Sounds good. I'd love to see a video demonstrating how the effects can be created.

Like your stuff on youtube, Steve.


----------



## stevemazzaro (Oct 9, 2011)

Thanks, bsound 

I'll see if I can put together a quick video demonstration.


----------



## Mark LaPierre (Oct 9, 2011)

I saw the list of the patches on your site, but I wonder if there is a list that indicates durations of Glissandi? I love those super-slow slides up several octaves and I wonder if you might have them and what is the longest you have?

Thank you.

Mark


----------



## Mark LaPierre (Oct 9, 2011)

I saw the list of the patches on your site, but I wonder if there is a list that indicates durations of Glissandi? I love those super-slow slides up several octaves and I wonder if you might have them and what is the longest you have?

Thank you.

Mark


----------



## stevemazzaro (Oct 9, 2011)

Hey Mark,

The glissandi were done at 100 bpm in 4 beats, 6 beats, 8 beats, and 16 beats.


----------



## stevemazzaro (Oct 11, 2011)

Hey guys,

Here's a quick video showing some of the possibilities of the Create-a-Gliss patch!


----------



## jtenney (Oct 11, 2011)

Hello all--

Anybody have ideas about how this library compares with Sonokinetic's Tutti? Apart from the fact that, of course, Orchestral Strings FX is strings-only compared with full orchestra for Tutti.

Thanks!

later,
John


----------



## stevemazzaro (Oct 11, 2011)

Hey John,

I don't actually own Tutti, but from my understandings, the library is comprised of well-composed and orchestrated effects, where as Orchestral String FX contains more specific elements with the addition of multiple length and style variations of each effect.

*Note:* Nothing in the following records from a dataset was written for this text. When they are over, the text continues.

(* Let $(X_n)_{n\ge0}$ be an ergodic discrete-time Markov chain on a finite state space $\mathcal S$ with transition probabilities $p_{xy}$ and stationary distribution $\pi$, and let $0\in\mathcal S$ be one of its states. Suppose there is a non-negative function $f:\mathcal S\to\mathbb R$ and constants $\varepsilon>0$, $c_0>0$, $C>0$ such that \[ f(0)=0,\qquad \max_{x\in\mathcal S:\ p_{0x}>0}f(x)=c_0,\qquad |f(X_{n+1})-f(X_n)|\le C, \] \[ \mathbb E\big(f(X_{n+1})-f(X_n)\mid X_n=x\big)<-\varepsilon\quad\text{for all }x\ne0. \] Then there are $c_1,c_2>0$ depending only on $c_0,C,\varepsilon$ such that for all $k>0$, \[ \pi(A_k)\le c_1e^{-c_2k},\qquad\text{where }A_k=\{x\in\mathcal S: f(x)>k\}. \] *)

theory Defs
  imports Complex_Main
begin

definition stochastic :: "nat set \<Rightarrow> (nat \<Rightarrow> nat \<Rightarrow> real) \<Rightarrow> bool" where
  "stochastic S P \<longleftrightarrow> finite S \<and> S \<noteq> {} \<and>
     (\<forall>x\<in>S. \<forall>y\<in>S. P x y \<ge> 0) \<and> (\<forall>x\<in>S. (\<Sum>y\<in>S. P x y) = 1)"

fun mpow :: "nat set \<Rightarrow> (nat \<Rightarrow> nat \<Rightarrow> real) \<Rightarrow> nat \<Rightarrow> nat \<Rightarrow> nat \<Rightarrow> real" where
  "mpow S P 0 x y = (if x = y then 1 else 0)"
| "mpow S P (Suc n) x y = (\<Sum>z\<in>S. mpow S P n x z * P z y)"

definition irreducible_chain :: "nat set \<Rightarrow> (nat \<Rightarrow> nat \<Rightarrow> real) \<Rightarrow> bool" where
  "irreducible_chain S P \<longleftrightarrow> (\<forall>x\<in>S. \<forall>y\<in>S. \<exists>n. mpow S P n x y > 0)"

definition period :: "nat set \<Rightarrow> (nat \<Rightarrow> nat \<Rightarrow> real) \<Rightarrow> nat \<Rightarrow> nat" where
  "period S P x = Gcd {n. n \<ge> 1 \<and> mpow S P n x x > 0}"

definition aperiodic_chain :: "nat set \<Rightarrow> (nat \<Rightarrow> nat \<Rightarrow> real) \<Rightarrow> bool" where
  "aperiodic_chain S P \<longleftrightarrow> (\<forall>x\<in>S. period S P x = 1)"

definition ergodic_chain :: "nat set \<Rightarrow> (nat \<Rightarrow> nat \<Rightarrow> real) \<Rightarrow> bool" where
  "ergodic_chain S P \<longleftrightarrow> stochastic S P \<and> irreducible_chain S P \<and> aperiodic_chain S P"

definition stationary_dist :: "nat set \<Rightarrow> (nat \<Rightarrow> nat \<Rightarrow> real) \<Rightarrow> (nat \<Rightarrow> real) \<Rightarrow> bool" where
  "stationary_dist S P \<pi> \<longleftrightarrow> (\<forall>x\<in>S. \<pi> x \<ge> 0) \<and> (\<Sum>x\<in>S. \<pi> x) = 1 \<and>
     (\<forall>y\<in>S. \<pi> y = (\<Sum>x\<in>S. \<pi> x * P x y))"

end

theory Submission
  imports Defs
begin

text \<open>For small \<open>\<lambda> > 0\<close> take the Lyapunov function \<open>V = exp (\<lambda> f)\<close>. Because the jumps of \<open>f\<close>
  are bounded by \<open>C\<close>, a second order expansion of \<open>exp\<close> turns the drift \<open>-\<epsilon>\<close> of \<open>f\<close> into the
  contraction \<open>P V \<le> (1 - \<lambda> \<epsilon> / 2) V\<close> off the state \<open>0\<close>, while \<open>P V (0) \<le> exp (\<lambda> c0)\<close>.
  Integrating against the stationary distribution, which satisfies \<open>\<pi> V = \<pi> (P V)\<close>, gives
  \<open>\<pi> V \<le> 2 exp (\<lambda> c0) / (\<lambda> \<epsilon>)\<close>, and Markov's inequality for \<open>V\<close> yields
  \<open>\<pi> {f > k} \<le> \<pi> V \<cdot> exp (- \<lambda> k)\<close>.\<close>

lemma exp_upper_quadratic:
  fixes t :: real
  assumes "t \<le> 1"
  shows "exp t \<le> 1 + t + t\<^sup>2"
proof (cases "t \<ge> 0")
  case True
  then show ?thesis using exp_bound[of t] assms by auto
next
  case False
  define s where "s = - t"
  have "s \<ge> 0" using False by (simp add: s_def)
  have "exp (- s) \<le> 1 / (1 + s)"
    using exp_ge_add_one_self[of s] \<open>s \<ge> 0\<close> by (simp add: exp_minus field_simps)
  also have "\<dots> \<le> 1 - s + s\<^sup>2"
    using \<open>s \<ge> 0\<close> by (simp add: field_simps power2_eq_square)
  finally show ?thesis by (simp add: s_def)
qed

lemma exp_moment_le_of_bounded_increments:
  fixes w d :: "'a \<Rightarrow> real" and l C :: real
  assumes w_nonneg: "\<And>y. y \<in> S \<Longrightarrow> w y \<ge> 0" and w_sum: "(\<Sum>y\<in>S. w y) = 1"
    and bounded: "\<And>y. y \<in> S \<Longrightarrow> w y > 0 \<Longrightarrow> \<bar>d y\<bar> \<le> C"
    and "l \<ge> 0" and "l * C \<le> 1"
  shows "(\<Sum>y\<in>S. w y * exp (l * d y)) \<le> 1 + l * (\<Sum>y\<in>S. w y * d y) + l\<^sup>2 * C\<^sup>2"
proof -
  have "w y * exp (l * d y) \<le> w y * (1 + l * d y + l\<^sup>2 * C\<^sup>2)" if "y \<in> S" for y
  proof (cases "w y > 0")
    case True
    have "\<bar>l * d y\<bar> \<le> l * C"
      using bounded[OF \<open>y \<in> S\<close> True] \<open>l \<ge> 0\<close> by (simp add: abs_mult mult_left_mono)
    then have "l * d y \<le> 1" and "(l * d y)\<^sup>2 \<le> (l * C)\<^sup>2"
      using \<open>l * C \<le> 1\<close> power_mono[OF \<open>\<bar>l * d y\<bar> \<le> l * C\<close> abs_ge_zero, of 2]
      by (auto simp: abs_le_iff)
    then have "exp (l * d y) \<le> 1 + l * d y + l\<^sup>2 * C\<^sup>2"
      using exp_upper_quadratic[of "l * d y"] by (simp add: power_mult_distrib)
    then show ?thesis using True by simp
  next
    case False
    then show ?thesis using w_nonneg[OF \<open>y \<in> S\<close>] by simp
  qed
  then have "(\<Sum>y\<in>S. w y * exp (l * d y)) \<le> (\<Sum>y\<in>S. w y * (1 + l\<^sup>2 * C\<^sup>2) + l * (w y * d y))"
    by (intro sum_mono) (simp add: algebra_simps)
  also have "\<dots> = 1 + l * (\<Sum>y\<in>S. w y * d y) + l\<^sup>2 * C\<^sup>2"
    using w_sum by (simp add: sum.distrib sum_distrib_left flip: sum_distrib_right)
  finally show ?thesis .
qed

lemma stationary_dist_sum_invariant:
  assumes "stationary_dist S P \<pi>"
  shows "(\<Sum>x\<in>S. \<pi> x * V x) = (\<Sum>x\<in>S. \<pi> x * (\<Sum>y\<in>S. P x y * V y))"
proof -
  have "(\<Sum>x\<in>S. \<pi> x * V x) = (\<Sum>y\<in>S. (\<Sum>x\<in>S. \<pi> x * P x y) * V y)"
    using assms by (intro sum.cong) (auto simp: stationary_dist_def)
  also have "\<dots> = (\<Sum>x\<in>S. \<pi> x * (\<Sum>y\<in>S. P x y * V y))"
    unfolding sum_distrib_left sum_distrib_right by (subst sum.swap) (simp add: mult.assoc)
  finally show ?thesis .
qed

lemma stationary_dist_drift_bound:
  assumes "stationary_dist S P \<pi>"
    and drift: "\<And>x. x \<in> S \<Longrightarrow> (\<Sum>y\<in>S. P x y * V y) \<le> \<rho> * V x + b x"
  shows "(1 - \<rho>) * (\<Sum>x\<in>S. \<pi> x * V x) \<le> (\<Sum>x\<in>S. \<pi> x * b x)"
proof -
  have "(\<Sum>x\<in>S. \<pi> x * V x) = (\<Sum>x\<in>S. \<pi> x * (\<Sum>y\<in>S. P x y * V y))"
    using assms(1) by (rule stationary_dist_sum_invariant)
  also have "\<dots> \<le> (\<Sum>x\<in>S. \<pi> x * (\<rho> * V x + b x))"
    using assms(1) drift by (intro sum_mono mult_left_mono) (auto simp: stationary_dist_def)
  also have "\<dots> = \<rho> * (\<Sum>x\<in>S. \<pi> x * V x) + (\<Sum>x\<in>S. \<pi> x * b x)"
    by (simp add: algebra_simps sum.distrib sum_distrib_left)
  finally show ?thesis by (simp add: algebra_simps)
qed

lemma sum_superlevel_le_exp_moment:
  fixes f \<pi> :: "'a \<Rightarrow> real" and l k :: real
  assumes "finite S" and "\<And>x. x \<in> S \<Longrightarrow> \<pi> x \<ge> 0" and "l \<ge> 0"
  shows "(\<Sum>x\<in>{x\<in>S. f x > k}. \<pi> x) \<le> exp (- l * k) * (\<Sum>x\<in>S. \<pi> x * exp (l * f x))"
proof -
  have "\<pi> x \<le> exp (- l * k) * (\<pi> x * exp (l * f x))" if "x \<in> S" "f x > k" for x
  proof -
    have "1 \<le> exp (l * (f x - k))" using that \<open>l \<ge> 0\<close> by simp
    then have "\<pi> x * 1 \<le> \<pi> x * exp (l * (f x - k))"
      using assms(2)[OF \<open>x \<in> S\<close>] by (rule mult_left_mono)
    then show ?thesis by (simp add: algebra_simps flip: exp_add)
  qed
  then have "(\<Sum>x\<in>{x\<in>S. f x > k}. \<pi> x) \<le> (\<Sum>x\<in>{x\<in>S. f x > k}. exp (- l * k) * (\<pi> x * exp (l * f x)))"
    by (intro sum_mono) auto
  also have "\<dots> \<le> (\<Sum>x\<in>S. exp (- l * k) * (\<pi> x * exp (l * f x)))"
    using assms by (intro sum_mono2) auto
  finally show ?thesis by (simp add: sum_distrib_left)
qed

lemma stationary_dist_exp_moment_bound:
  fixes f :: "nat \<Rightarrow> real" and l \<epsilon> c0 C :: real
  assumes "stochastic S P" and "stationary_dist S P \<pi>" and "z0 \<in> S"
    and start: "\<And>y. y \<in> S \<Longrightarrow> P z0 y > 0 \<Longrightarrow> f y \<le> c0"
    and jump: "\<And>x y. x \<in> S \<Longrightarrow> y \<in> S \<Longrightarrow> P x y > 0 \<Longrightarrow> \<bar>f y - f x\<bar> \<le> C"
    and drift: "\<And>x. x \<in> S \<Longrightarrow> x \<noteq> z0 \<Longrightarrow> (\<Sum>y\<in>S. P x y * (f y - f x)) < - \<epsilon>"
    and "l > 0" and "l * C \<le> 1" and "l * C\<^sup>2 \<le> \<epsilon> / 2" and "l * \<epsilon> \<le> 2"
  shows "l * \<epsilon> / 2 * (\<Sum>x\<in>S. \<pi> x * exp (l * f x)) \<le> exp (l * c0)"
proof -
  define \<rho> where "\<rho> = 1 - l * \<epsilon> / 2"
  define V where "V x = exp (l * f x)" for x
  have P_nonneg: "\<And>x y. x \<in> S \<Longrightarrow> y \<in> S \<Longrightarrow> P x y \<ge> 0"
    and P_row: "\<And>x. x \<in> S \<Longrightarrow> (\<Sum>y\<in>S. P x y) = 1"
    using \<open>stochastic S P\<close> by (auto simp: stochastic_def)
  have \<pi>_nonneg: "\<And>x. x \<in> S \<Longrightarrow> \<pi> x \<ge> 0" and \<pi>_sum: "(\<Sum>x\<in>S. \<pi> x) = 1"
    using \<open>stationary_dist S P \<pi>\<close> by (auto simp: stationary_dist_def)
  have "(\<Sum>y\<in>S. P x y * V y) \<le> \<rho> * V x + (if x = z0 then exp (l * c0) else 0)"
    if "x \<in> S" for x
  proof (cases "x = z0")
    case True
    have "P x y * V y \<le> P x y * exp (l * c0)" if "y \<in> S" for y
      using start[OF \<open>y \<in> S\<close>] P_nonneg[OF \<open>x \<in> S\<close> \<open>y \<in> S\<close>] \<open>l > 0\<close> True
      by (cases "P x y > 0") (auto simp: V_def intro: mult_left_mono)
    then have "(\<Sum>y\<in>S. P x y * V y) \<le> (\<Sum>y\<in>S. P x y * exp (l * c0))"
      by (rule sum_mono)
    also have "\<dots> = exp (l * c0)"
      using P_row[OF \<open>x \<in> S\<close>] by (simp flip: sum_distrib_right)
    finally have "(\<Sum>y\<in>S. P x y * V y) \<le> exp (l * c0)" .
    moreover have "\<rho> * V x \<ge> 0" using \<open>l * \<epsilon> \<le> 2\<close> by (simp add: \<rho>_def V_def)
    ultimately show ?thesis using True by simp
  next
    case False
    have "(\<Sum>y\<in>S. P x y * exp (l * (f y - f x)))
        \<le> 1 + l * (\<Sum>y\<in>S. P x y * (f y - f x)) + l\<^sup>2 * C\<^sup>2"
      using P_nonneg P_row jump \<open>x \<in> S\<close> \<open>l > 0\<close> \<open>l * C \<le> 1\<close>
      by (intro exp_moment_le_of_bounded_increments) auto
    also have "\<dots> \<le> 1 - l * \<epsilon> + l * (\<epsilon> / 2)"
    proof -
      have "l * (\<Sum>y\<in>S. P x y * (f y - f x)) \<le> l * - \<epsilon>"
        using drift[OF \<open>x \<in> S\<close> False] \<open>l > 0\<close> by (intro mult_left_mono) auto
      moreover have "l\<^sup>2 * C\<^sup>2 \<le> l * (\<epsilon> / 2)"
        using \<open>l * C\<^sup>2 \<le> \<epsilon> / 2\<close> \<open>l > 0\<close> mult_left_mono[of "l * C\<^sup>2" "\<epsilon> / 2" l]
        by (simp add: power2_eq_square mult.assoc)
      ultimately show ?thesis by linarith
    qed
    finally have "(\<Sum>y\<in>S. P x y * exp (l * (f y - f x))) \<le> \<rho>"
      by (simp add: \<rho>_def mult.commute)
    moreover have "(\<Sum>y\<in>S. P x y * V y) = V x * (\<Sum>y\<in>S. P x y * exp (l * (f y - f x)))"
      by (simp add: V_def sum_distrib_left algebra_simps flip: exp_add)
    ultimately show ?thesis
      using False by (simp add: V_def mult.commute)
  qed
  then have "(1 - \<rho>) * (\<Sum>x\<in>S. \<pi> x * V x)
      \<le> (\<Sum>x\<in>S. \<pi> x * (if x = z0 then exp (l * c0) else 0))"
    by (rule stationary_dist_drift_bound[OF \<open>stationary_dist S P \<pi>\<close>])
  also have "\<dots> = \<pi> z0 * exp (l * c0)"
    using \<open>stochastic S P\<close> \<open>z0 \<in> S\<close> by (simp add: stochastic_def if_distrib sum.delta cong: if_cong)
  also have "\<dots> \<le> exp (l * c0)"
  proof -
    have "\<pi> z0 \<le> (\<Sum>x\<in>S. \<pi> x)"
      using \<open>stochastic S P\<close> \<pi>_nonneg \<open>z0 \<in> S\<close>
      by (intro member_le_sum) (auto simp: stochastic_def)
    then show ?thesis using \<pi>_sum by (simp add: mult_left_le_one_le)
  qed
  finally show ?thesis by (simp add: \<rho>_def V_def)
qed

theorem lemma2:
  fixes c0 C \<epsilon> :: real
  assumes "\<epsilon> > 0" and "c0 > 0" and "C > 0"
  shows "\<exists>c1 c2 :: real. c1 > 0 \<and> c2 > 0 \<and>
    (\<forall>(S :: nat set) (P :: nat \<Rightarrow> nat \<Rightarrow> real) (\<pi> :: nat \<Rightarrow> real) (f :: nat \<Rightarrow> real) (z0 :: nat).
       ergodic_chain S P \<longrightarrow> stationary_dist S P \<pi> \<longrightarrow> z0 \<in> S \<longrightarrow>
       (\<forall>x\<in>S. f x \<ge> 0) \<longrightarrow> f z0 = 0 \<longrightarrow>
       Max {f x | x. x \<in> S \<and> P z0 x > 0} = c0 \<longrightarrow>
       (\<forall>x\<in>S. \<forall>y\<in>S. P x y > 0 \<longrightarrow> \<bar>f y - f x\<bar> \<le> C) \<longrightarrow>
       (\<forall>x\<in>S. x \<noteq> z0 \<longrightarrow> (\<Sum>y\<in>S. P x y * (f y - f x)) < - \<epsilon>) \<longrightarrow>
       (\<forall>k::real. k > 0 \<longrightarrow> (\<Sum>x\<in>{x\<in>S. f x > k}. \<pi> x) \<le> c1 * exp (- c2 * k)))"
proof -
  define l where "l = min (min (1 / C) (\<epsilon> / (2 * C\<^sup>2))) (2 / \<epsilon>)"
  have "l \<le> 1 / C" and "l \<le> \<epsilon> / (2 * C\<^sup>2)" and "l \<le> 2 / \<epsilon>"
    by (simp_all add: l_def)
  then have l_bounds: "l * C \<le> 1" "l * C\<^sup>2 \<le> \<epsilon> / 2" "l * \<epsilon> \<le> 2"
    using assms by (simp_all add: pos_le_divide_eq field_simps)
  have "l > 0" using assms by (simp add: l_def)
  define c1 where "c1 = exp (l * c0) / (l * \<epsilon> / 2)"
  show ?thesis
  proof (rule exI[of _ c1], rule exI[of _ l], intro conjI allI impI)
    show "c1 > 0" "l > 0" using \<open>l > 0\<close> \<open>\<epsilon> > 0\<close> by (simp_all add: c1_def)
    fix S P \<pi> f z0 and k :: real
    assume "ergodic_chain S P" and stat: "stationary_dist S P \<pi>" and "z0 \<in> S"
      and "\<forall>x\<in>S. f x \<ge> 0" "f z0 = 0"
      and max: "Max {f x | x. x \<in> S \<and> P z0 x > 0} = c0"
      and jump: "\<forall>x\<in>S. \<forall>y\<in>S. P x y > 0 \<longrightarrow> \<bar>f y - f x\<bar> \<le> C"
      and drift: "\<forall>x\<in>S. x \<noteq> z0 \<longrightarrow> (\<Sum>y\<in>S. P x y * (f y - f x)) < - \<epsilon>"
      and "k > 0"
    then have "stochastic S P" and "finite S" by (auto simp: ergodic_chain_def stochastic_def)
    have "f y \<le> c0" if "y \<in> S" "P z0 y > 0" for y
      using max Max_ge[of "{f x | x. x \<in> S \<and> P z0 x > 0}"] \<open>finite S\<close> that by auto
    then have "l * \<epsilon> / 2 * (\<Sum>x\<in>S. \<pi> x * exp (l * f x)) \<le> exp (l * c0)"
      using \<open>stochastic S P\<close> stat \<open>z0 \<in> S\<close> jump drift \<open>l > 0\<close> l_bounds
      by (intro stationary_dist_exp_moment_bound) auto
    then have "(\<Sum>x\<in>S. \<pi> x * exp (l * f x)) \<le> c1"
      using \<open>l > 0\<close> \<open>\<epsilon> > 0\<close> by (simp add: c1_def pos_le_divide_eq mult.commute)
    moreover have "(\<Sum>x\<in>{x\<in>S. f x > k}. \<pi> x) \<le> exp (- l * k) * (\<Sum>x\<in>S. \<pi> x * exp (l * f x))"
      using \<open>finite S\<close> stat \<open>l > 0\<close>
      by (intro sum_superlevel_le_exp_moment) (auto simp: stationary_dist_def)
    ultimately show "(\<Sum>x\<in>{x\<in>S. f x > k}. \<pi> x) \<le> c1 * exp (- l * k)"
      by (simp add: mult.commute mult_left_mono order_trans)
  qed
qed

end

In fact, you could probably even double Tutti with Orchestral String FX to create more variations!

Hope that helps.


----------



## devastat (Oct 11, 2011)

Sounds great! It would be very interesting to hear some examples from the Create-a-hit section of the library.


----------



## markblasco (Oct 12, 2011)

This looks pretty cool. Can you change what each section is doing via keyswith or other controller, or do you need to manually change it for each time? Is there a way to see the manual (or is there a manual) before buying?


----------



## markblasco (Oct 12, 2011)

Oh, and is it all recorded at one dynamic level? Are all of the tremelo rises at f, or are there some at p too?


----------



## stevemazzaro (Oct 12, 2011)

Hey Mark,

Yes, the sections can be changed via keyswitch. There currently is no manual, but I'm here for any questions you have.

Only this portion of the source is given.